--- START ---

lemma integral_cball_vec_of_complex:
  fixes h :: "complex \<Rightarrow> real"
  assumes cont: "continuous_on (cball 0 1) h"
  shows "integral (cball 0 1) h = integral (vec_of_complex ` cball 0 1) (\<lambda>v. h (complex_of_vec v))"
proof -
  have "cball (0::complex) 1 \<subseteq> cbox (Complex (-1) (-1)) (Complex 1 1)"
  proof
    fix z :: complex assume "z \<in> cball 0 1"
    then show "z \<in> cbox (Complex (-1) (-1)) (Complex 1 1)"
      using abs_Re_le_cmod[of z] abs_Im_le_cmod[of z] by (auto simp: cbox_complex_eq)
  qed
  moreover have "h integrable_on cball 0 1"
    by (rule integrable_continuous_compact[OF compact_cball cont])
  ultimately have "((\<lambda>v. h (complex_of_vec v)) has_integral integral (cball 0 1) h)
      (vec_of_complex ` cball 0 1)"
    by (intro has_integral_twiddle_subset[OF complex_of_vec_inverse vec_of_complex_inverse _
          complex_of_vec_cbox vec_of_complex_cbox content_complex_of_vec_cbox] integrable_integral)
      (simp_all add: linear_continuous_at bounded_linear_complex_of_vec)
  then show ?thesis by (simp add: integral_unique)
qed

lemma pair_of_vec_unit_square: "pair_of_vec ` unit_square = cbox (0, 0) (1, 1)"
  by (simp only: unit_square_def pair_of_vec_cbox) (simp add: pair_of_vec_def)

lemma integral_unit_square_pair:
  fixes G :: "real^2 \<Rightarrow> real"
  assumes cont: "continuous_on unit_square G"
  shows "integral unit_square G = integral (cbox (0, 0) (1, 1)) (\<lambda>p. G (vec_of_pair p))"
proof -
  have "G integrable_on unit_square"
    using cont by (simp add: unit_square_def integrable_continuous)
  then have "((\<lambda>p. G (vec_of_pair p)) has_integral integral unit_square G) (pair_of_vec ` unit_square)"
    unfolding unit_square_def
    by (intro has_integral_twiddle_subset[OF vec_of_pair_inverse pair_of_vec_inverse _
          vec_of_pair_cbox pair_of_vec_cbox content_vec_of_pair_cbox order_refl] integrable_integral)
      (simp add: linear_continuous_at bounded_linear_vec_of_pair)
  then show ?thesis by (simp add: integral_unique pair_of_vec_unit_square)
qed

--- END ---

> _Aim of the task_:
Above are the entries. Output exactly the lines beginning with the line that has "h = integral" and ending with the line that has "unit_square = cbox".

> _Expected answer_:
  shows "integral (cball 0 1) h = integral (vec_of_complex ` cball 0 1) (\<lambda>v. h (complex_of_vec v))"
proof -
  have "cball (0::complex) 1 \<subseteq> cbox (Complex (-1) (-1)) (Complex 1 1)"
  proof
    fix z :: complex assume "z \<in> cball 0 1"
    then show "z \<in> cbox (Complex (-1) (-1)) (Complex 1 1)"
      using abs_Re_le_cmod[of z] abs_Im_le_cmod[of z] by (auto simp: cbox_complex_eq)
  qed
  moreover have "h integrable_on cball 0 1"
    by (rule integrable_continuous_compact[OF compact_cball cont])
  ultimately have "((\<lambda>v. h (complex_of_vec v)) has_integral integral (cball 0 1) h)
      (vec_of_complex ` cball 0 1)"
    by (intro has_integral_twiddle_subset[OF complex_of_vec_inverse vec_of_complex_inverse _
          complex_of_vec_cbox vec_of_complex_cbox content_complex_of_vec_cbox] integrable_integral)
      (simp_all add: linear_continuous_at bounded_linear_complex_of_vec)
  then show ?thesis by (simp add: integral_unique)
qed

lemma pair_of_vec_unit_square: "pair_of_vec ` unit_square = cbox (0, 0) (1, 1)"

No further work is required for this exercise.